PaymentBrief operator guidance — most ramp failures are cheaper to prevent than to handle.

• Pre-send address and network validation. Validate the destination address format for the intended chain and confirm the token is supported on that network before broadcasting. This is the single control that prevents the unrecoverable wrong-chain/wrong-address class.
• Test transfers. For a new counterparty or corridor, send a small test amount and confirm receipt before moving the full value.
• Screen before send. Run wallet/sanctions screening on the destination address before initiating, so a screening hold surfaces pre-send rather than mid-flow.
• Liquidity and limit monitoring. Watch off-ramp liquidity and provider limits for your corridors so a large conversion does not hit slippage or a limit breach unexpectedly.
• Supported-asset allowlists. Maintain an allowlist of (token, chain) pairs your operation supports, and reject anything off-list at the application layer rather than discovering it on-chain.

Common mistakes

• Promising a chargeback or reversal. There is none. A confirmed transfer is final; a return is a new transfer the counterparty must agree to.
• Not capturing the transaction hash. Without the hash and chain, the on-chain leg cannot be investigated — and after the fact the customer may no longer have it.
• Assuming all chains are interchangeable. A token native to one network is not automatically usable on another; cross-chain movement is a deliberate burn-and-mint, not an automatic equivalence. Treating chains as fungible is how wrong-chain sends happen.
• Treating a depeg or conversion gap as a system error. The quote-to-settlement gap and thin liquidity are operational exposures on the conversion leg, not bugs to file against the platform.
• Retrying a “stuck” transfer before confirming on-chain status. A transfer that is merely unconfirmed is in-flight, not failed. Resending it risks a duplicate send — paying twice. Read the hash first.

Related references

• Stablecoin on/off-ramp operations: where the cost advantage gets eaten — the economics neighbor; provider landscape and corridor cost math.
• Stablecoin settlement-loop anatomy — the full flow map this runbook abridges.
• Stablecoin compliance stack: travel rule and chain analysis — the screening-leg deep dive.
• PSP reconciliation failure runbook — the three-way-match parallel for the fiat and provider records.
• The working-capital cost of payments — why settlement timing on the fiat legs has a cash-flow cost.

Scope note

• Six legs, kept distinct: (a) the fiat bank leg, (b) the ramp-provider leg, (c) the blockchain transaction leg, (d) the wallet/compliance screening leg, (e) the treasury/liquidity leg, and (f) PaymentBrief operator guidance — the say/do-not-say, escalation, evidence, and prevention checklists are this site’s recommendations, not vendor behavior.
• No investment or legal advice.
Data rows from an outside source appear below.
(* Let $E=(E^0,E^1,r,s)$ be a graph. (a) Let $k$ be a field and $\rho_{E,k}:L_k(E)\to\mathrm{End}_k V_{(\partial E,k)}$ the representation described below. For each $\alpha\in\partial E$ the subspace $V_{([\alpha],k)}:=\mathrm{span}_k[\alpha]$ is $\rho_{E,k}$-invariant and the restriction $\rho_{([\alpha],k)}$ of $\rho_{E,k}$ to it is an irreducible representation of $L_k(E)$. Moreover $V_{(\partial E,k)}=\bigoplus_{[\alpha]\in\widetilde{\partial}E}V_{([\alpha],k)}$ and $\rho_{E,k}=\bigoplus_{[\alpha]\in\widetilde{\partial}E}\rho_{([\alpha],k)}$ is a decomposition of $\rho_{E,k}$ as a direct sum of irreducible representations. For any $\alpha,\beta\in\partial E$ the following are equivalent: (i) $\rho_{([\alpha],k)}$ is algebraically equivalent to $\rho_{([\beta],k)}$; (ii) $\rho_{([\alpha],k)}=\rho_{([\beta],k)}$; (iii) $\alpha$ and $\beta$ are shift-tail equivalent (i.e. $[\alpha]=[\beta]$). (b) Let $\pi_E:C^*(E)\to\mathbb{B}(\mathcal{H}_{\partial E})$ be the $*$-representation described below. For each $\alpha\in\partial E$ the closed subspace $\mathcal{H}_{[\alpha]}:=\ell^2([\alpha])$ is $\pi_E$-invariant and the restriction $\pi_{[\alpha]}$ of $\pi_E$ to it is an irreducible $*$-representation of $C^*(E)$. Moreover $\mathcal{H}_{\partial E}=\bigoplus_{[\alpha]\in\widetilde{\partial}E}\mathcal{H}_{[\alpha]}$ and $\pi_E=\bigoplus_{[\alpha]\in\widetilde{\partial}E}\pi_{[\alpha]}$ is a decomposition of $\pi_E$ as a direct sum of irreducible representations. For any $\alpha,\beta\in\partial E$ the following are equivalent: (i) $\pi_{[\alpha]}$ is unitarily equivalent to $\pi_{[\beta]}$; (ii) $\pi_{[\alpha]}=\pi_{[\beta]}$; (iii) $[\alpha]=[\beta]$.
   Context: A graph $E=(E^0,E^1,r,s)$ has vertex set $E^0$, edge set $E^1$, range and source maps; no countability assumed. A vertex is singular if it emits no edges or infinitely many edges, regular otherwise. Finite paths include vertices (length $0$, $s(v)=r(v)=v$) and sequences $e_1\cdots e_n$ with $r(e_i)=s(e_{i+1})$; infinite paths are sequences $e_1e_2\cdots$ with $r(e_i)=s(e_{i+1})$. Boundary paths: $\partial E=E^\infty\sqcup E^*_{\mathrm{sing}}$, the infinite paths together with the finite paths whose range is singular. The shift $\sigma_E$ removes the first edge (fixes vertices; sends a single edge $e$ to $r(e)$); $\alpha\sim\beta$ (shift-tail equivalent) if $\sigma_E^m(\alpha)=\sigma_E^n(\beta)$ for some $m,n\in\mathbb{N}$; $[\alpha]$ is the class, $\widetilde{\partial}E$ the set of classes. $L_k(E)$: universal $k$-algebra generated by pairwise orthogonal idempotents $p_v$ and elements $s_e,s_e^*$ with $p_{s(e)}s_e=s_e=s_ep_{r(e)}$, $p_{r(e)}s_e^*=s_e^*=s_e^*p_{s(e)}$, $s_e^*s_f=\delta_{e,f}p_{r(e)}$, $p_v=\sum_{s(e)=v}s_es_e^*$ for regular $v$. $C^*(E)$: universal $C^*$-algebra generated by mutually orthogonal projections $p_v$ and partial isometries $s_e$ with mutually orthogonal ranges, $s_e^*s_e=p_{r(e)}$, $s_es_e^*\le p_{s(e)}$, $p_v=\sum_{s(e)=v}s_es_e^*$ for regular $v$. $V_{(\partial E,k)}$ is the $k$-vector space with basis $\partial E$, and $\mathcal{H}_{\partial E}=\ell^2(\partial E)$ the Hilbert space with orthonormal basis $\partial E$. $\rho_{E,k}$ (resp. $\pi_E$) is the (respectively $*$-)representation determined on basis elements $\alpha\in\partial E$ by: $p_v\alpha=\alpha$ if $s(\alpha)=v$, else $0$; $s_e\alpha=e\alpha$ (concatenation) if $s(\alpha)=r(e)$, else $0$; $s_e^*\alpha=\alpha'$ if $\alpha=e\alpha'$, else $0$. Representations $\rho_1,\rho_2$ of a $k$-algebra on $V_1,V_2$ are algebraically equivalent if $\rho_1(a)=T^{-1}\rho_2(a)T$ for all $a$, for some linear isomorphism $T:V_1\to V_2$; $*$-representations are unitarily equivalent if the same holds with $T$ a unitary. Irreducible: no invariant subspaces (closed ones, for Hilbert spaces) other than $0$ and the whole space. *)

theory Defs
  imports "HOL-Analysis.Analysis"
begin

record ('v,'e) graph =
  verts :: "'v set"
  edges :: "'e set"
  rng   :: "'e \<Rightarrow> 'v"
  src   :: "'e \<Rightarrow> 'v"

definition wf_graph :: "('v,'e) graph \<Rightarrow> bool" where
  "wf_graph G \<longleftrightarrow> rng G ` edges G \<subseteq> verts G \<and> src G ` edges G \<subseteq> verts G"

text \<open>A path is either a finite path (start vertex together with a list of edges;
  the empty list gives the vertex as path of length 0) or an infinite path.\<close>
datatype ('v,'e) path = FinP 'v "'e list" | InfP "nat \<Rightarrow> 'e"

definition emits :: "('v,'e) graph \<Rightarrow> 'v \<Rightarrow> 'e set" where
  "emits G v = {e \<in> edges G. src G e = v}"

definition singular :: "('v,'e) graph \<Rightarrow> 'v \<Rightarrow> bool" where
  "singular G v \<longleftrightarrow> v \<in> verts G \<and> (emits G v = {} \<or> infinite (emits G v))"

definition fin_path :: "('v,'e) graph \<Rightarrow> 'v \<Rightarrow> 'e list \<Rightarrow> bool" where
  "fin_path G v es \<longleftrightarrow> v \<in> verts G \<and> set es \<subseteq> edges G \<and>
     (es \<noteq> [] \<longrightarrow> src G (hd es) = v) \<and>
     (\<forall>i. Suc i < length es \<longrightarrow> rng G (es ! i) = src G (es ! Suc i))"

definition inf_path :: "('v,'e) graph \<Rightarrow> (nat \<Rightarrow> 'e) \<Rightarrow> bool" where
  "inf_path G f \<longleftrightarrow> (\<forall>n. f n \<in> edges G \<and> rng G (f n) = src G (f (Suc n)))"

fun fin_range :: "('v,'e) graph \<Rightarrow> 'v \<Rightarrow> 'e list \<Rightarrow> 'v" where
  "fin_range G v es = (if es = [] then v else rng G (last es))"

definition bpaths :: "('v,'e) graph \<Rightarrow> ('v,'e) path set" where
  "bpaths G = {InfP f | f. inf_path G f} \<union>
              {FinP v es | v es. fin_path G v es \<and> singular G (fin_range G v es)}"

fun psrc :: "('v,'e) graph \<Rightarrow> ('v,'e) path \<Rightarrow> 'v" where
  "psrc G (FinP v es) = v"
| "psrc G (InfP f) = src G (f 0)"

fun shift :: "('v,'e) graph \<Rightarrow> ('v,'e) path \<Rightarrow> ('v,'e) path" where
  "shift G (FinP v []) = FinP v []"
| "shift G (FinP v (e # es)) = FinP (rng G e) es"
| "shift G (InfP f) = InfP (\<lambda>n. f (Suc n))"

definition shift_tail :: "('v,'e) graph \<Rightarrow> ('v,'e) path \<Rightarrow> ('v,'e) path \<Rightarrow> bool" where
  "shift_tail G \<alpha> \<beta> \<longleftrightarrow> (\<exists>m n. (shift G ^^ m) \<alpha> = (shift G ^^ n) \<beta>)"

definition tclass :: "('v,'e) graph \<Rightarrow> ('v,'e) path \<Rightarrow> ('v,'e) path set" where
  "tclass G \<alpha> = {\<beta> \<in> bpaths G. shift_tail G \<beta> \<alpha>}"

definition tclasses :: "('v,'e) graph \<Rightarrow> ('v,'e) path set set" where
  "tclasses G = tclass G ` bpaths G"

fun first_edge :: "('v,'e) path \<Rightarrow> 'e option" where
  "first_edge (FinP v []) = None"
| "first_edge (FinP v (e # es)) = Some e"
| "first_edge (InfP f) = Some (f 0)"

fun cons_edge :: "('v,'e) graph \<Rightarrow> 'e \<Rightarrow> ('v,'e) path \<Rightarrow> ('v,'e) path" where
  "cons_edge G e (FinP v es) = FinP (src G e) (e # es)"
| "cons_edge G e (InfP f) = InfP (case_nat e f)"

text \<open>Vectors are coefficient functions on paths (supported in the boundary path
  space).  The operators below are the images of the generators under
  rho_{E,k} / pi_E, written in coordinates:
  p_v alpha = alpha if s(alpha)=v; s_e alpha = e alpha if s(alpha)=r(e);
  s_e^* alpha = alpha' if alpha = e alpha'.\<close>

definition opP :: "('v,'e) graph \<Rightarrow> 'v \<Rightarrow> (('v,'e) path \<Rightarrow> 'k::field) \<Rightarrow> (('v,'e) path \<Rightarrow> 'k)" where
  "opP G v f = (\<lambda>\<beta>. if \<beta> \<in> bpaths G \<and> psrc G \<beta> = v then f \<beta> else 0)"

definition opS :: "('v,'e) graph \<Rightarrow> 'e \<Rightarrow> (('v,'e) path \<Rightarrow> 'k::field) \<Rightarrow> (('v,'e) path \<Rightarrow> 'k)" where
  "opS G e f = (\<lambda>\<beta>. if \<beta> \<in> bpaths G \<and> first_edge \<beta> = Some e then f (shift G \<beta>) else 0)"

definition opSs :: "('v,'e) graph \<Rightarrow> 'e \<Rightarrow> (('v,'e) path \<Rightarrow> 'k::field) \<Rightarrow> (('v,'e) path \<Rightarrow> 'k)" where
  "opSs G e f = (\<lambda>\<beta>. if \<beta> \<in> bpaths G \<and> psrc G \<beta> = rng G e then f (cons_edge G e \<beta>) else 0)"

text \<open>Formal (non-commutative, non-unital) polynomial expressions in the generators
  p_v, s_e, s_e^*.  Every element of L_k(E) (resp. of the dense *-subalgebra of C^*(E)
  generated by the generators) is represented by such an expression, and the
  representation of that element is the evaluation below.\<close>
datatype ('v,'e,'k) lexpr =
    LP 'v | LS 'e | LSs 'e | LZero
  | LScal 'k "('v,'e,'k) lexpr"
  | LAdd "('v,'e,'k) lexpr" "('v,'e,'k) lexpr"
  | LMul "('v,'e,'k) lexpr" "('v,'e,'k) lexpr"

fun wf_expr :: "('v,'e) graph \<Rightarrow> ('v,'e,'k) lexpr \<Rightarrow> bool" where
  "wf_expr G (LP v) = (v \<in> verts G)"
| "wf_expr G (LS e) = (e \<in> edges G)"
| "wf_expr G (LSs e) = (e \<in> edges G)"
| "wf_expr G LZero = True"
| "wf_expr G (LScal c a) = wf_expr G a"
| "wf_expr G (LAdd a b) = (wf_expr G a \<and> wf_expr G b)"
| "wf_expr G (LMul a b) = (wf_expr G a \<and> wf_expr G b)"

fun evalop :: "('v,'e) graph \<Rightarrow> ('v,'e,'k::field) lexpr \<Rightarrow> (('v,'e) path \<Rightarrow> 'k) \<Rightarrow> (('v,'e) path \<Rightarrow> 'k)" where
  "evalop G (LP v) = opP G v"
| "evalop G (LS e) = opS G e"
| "evalop G (LSs e) = opSs G e"
| "evalop G LZero = (\<lambda>f x. 0)"
| "evalop G (LScal c a) = (\<lambda>f x. c * evalop G a f x)"
| "evalop G (LAdd a b) = (\<lambda>f x. evalop G a f x + evalop G b f x)"
| "evalop G (LMul a b) = (\<lambda>f. evalop G a (evalop G b f))"

text \<open>A representation is recorded as a pair (space, action); the action is
  defined on (expressions for) algebra elements and gives maps on the space.\<close>
type_synonym ('v,'e,'k) rep =
  "(('v,'e) path \<Rightarrow> 'k) set \<times> (('v,'e,'k) lexpr \<Rightarrow> (('v,'e) path \<Rightarrow> 'k) \<Rightarrow> (('v,'e) path \<Rightarrow> 'k))"

definition restrict_rep :: "('v,'e) graph \<Rightarrow> (('v,'e) path \<Rightarrow> 'k::field) set \<Rightarrow> ('v,'e,'k) rep" where
  "restrict_rep G W = (W, \<lambda>a. if wf_expr G a then (\<lambda>f. if f \<in> W then evalop G a f else undefined)
                               else undefined)"

definition lin_on :: "(('v,'e) path \<Rightarrow> 'k::field) set \<Rightarrow> ((('v,'e) path \<Rightarrow> 'k) \<Rightarrow> (('v,'e) path \<Rightarrow> 'k)) \<Rightarrow> bool" where
  "lin_on A T \<longleftrightarrow> (\<forall>f\<in>A. \<forall>g\<in>A. T (\<lambda>x. f x + g x) = (\<lambda>x. T f x + T g x)) \<and>
                  (\<forall>c. \<forall>f\<in>A. T (\<lambda>x. c * f x) = (\<lambda>x. c * T f x))"

definition is_subspace :: "(('v,'e) path \<Rightarrow> 'k::field) set \<Rightarrow> bool" where
  "is_subspace W \<longleftrightarrow> (\<lambda>x. 0) \<in> W \<and> (\<forall>f\<in>W. \<forall>g\<in>W. (\<lambda>x. f x + g x) \<in> W) \<and>
                     (\<forall>c. \<forall>f\<in>W. (\<lambda>x. c * f x) \<in> W)"

definition invariant :: "('v,'e) graph \<Rightarrow> ('v,'e,'k::field) rep \<Rightarrow> (('v,'e) path \<Rightarrow> 'k) set \<Rightarrow> bool" where
  "invariant G R W \<longleftrightarrow> (\<forall>a. wf_expr G a \<longrightarrow> (\<forall>f\<in>W. snd R a f \<in> W))"

text \<open>span_k X inside V_(dE,k): finitely supported coefficient functions supported in X.\<close>
definition Vspan :: "(('v,'e) path) set \<Rightarrow> (('v,'e) path \<Rightarrow> 'k::field) set" where
  "Vspan X = {f. finite {x. f x \<noteq> 0} \<and> {x. f x \<noteq> 0} \<subseteq> X}"

definition rho :: "('v,'e) graph \<Rightarrow> ('v,'e,'k::field) rep" where
  "rho G = restrict_rep G (Vspan (bpaths G))"

definition rho_cls :: "('v,'e) graph \<Rightarrow> ('v,'e) path \<Rightarrow> ('v,'e,'k::field) rep" where
  "rho_cls G \<alpha> = restrict_rep G (Vspan (tclass G \<alpha>))"

definition irreducible_alg :: "('v,'e) graph \<Rightarrow> ('v,'e,'k::field) rep \<Rightarrow> bool" where
  "irreducible_alg G R \<longleftrightarrow>
     (\<forall>W. W \<subseteq> fst R \<and> is_subspace W \<and> invariant G R W \<longrightarrow> W = {\<lambda>x. 0} \<or> W = fst R)"

definition alg_equivalent :: "('v,'e) graph \<Rightarrow> ('v,'e,'k::field) rep \<Rightarrow> ('v,'e,'k) rep \<Rightarrow> bool" where
  "alg_equivalent G R1 R2 \<longleftrightarrow> (\<exists>T. bij_betw T (fst R1) (fst R2) \<and> lin_on (fst R1) T \<and>
     (\<forall>a. wf_expr G a \<longrightarrow> (\<forall>f\<in>fst R1. snd R1 a f = inv_into (fst R1) T (snd R2 a (T f)))))"

text \<open>Internal direct sum decomposition of V along the family of subspaces indexed by
  the classes, and the corresponding decomposition of the representation.\<close>
definition alg_decomp :: "('v,'e) graph \<Rightarrow> (('v,'e) path \<Rightarrow> 'k::field) \<Rightarrow> (('v,'e) path set \<Rightarrow> (('v,'e) path \<Rightarrow> 'k)) \<Rightarrow> bool" where
  "alg_decomp G f g \<longleftrightarrow> finite {c. g c \<noteq> (\<lambda>x. 0)} \<and> {c. g c \<noteq> (\<lambda>x. 0)} \<subseteq> tclasses G \<and>
     (\<forall>c\<in>tclasses G. g c \<in> Vspan c) \<and>
     f = (\<lambda>x. \<Sum>c\<in>{c. g c \<noteq> (\<lambda>x. 0)}. g c x)"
Depeg, liquidity, and conversion content is framed as operational exposure on the conversion leg only. Nothing here predicts a peg outcome or recommends a holding, and nothing here is legal advice on sanctions or compliance obligations.
• Irreversibility and no-chargeback, stated plainly. On-chain transfers are final once confirmed; there is no chargeback and no general clawback; a wrong-chain or wrong-address send is generally unrecoverable, and recovery (if any) is counterparty-goodwill or custodial-only and never guaranteed. A “refund” is a new transfer, not a reversal.
• Gated provider docs not relied on. API-first ramp providers such as Transak and Bridge.xyz do not publicly document their error-code tables to the field level, so this runbook describes failure categories and uses Stripe’s public onramp session taxonomy as one illustrative example. Confirm exact statuses and error codes against your own ramp provider.
• Vendor behavior varies. Session-state names, screening thresholds, refund mechanisms, and supported (token, chain) pairs differ by provider and change over time. Confirm against current provider documentation before building on any specific behavior.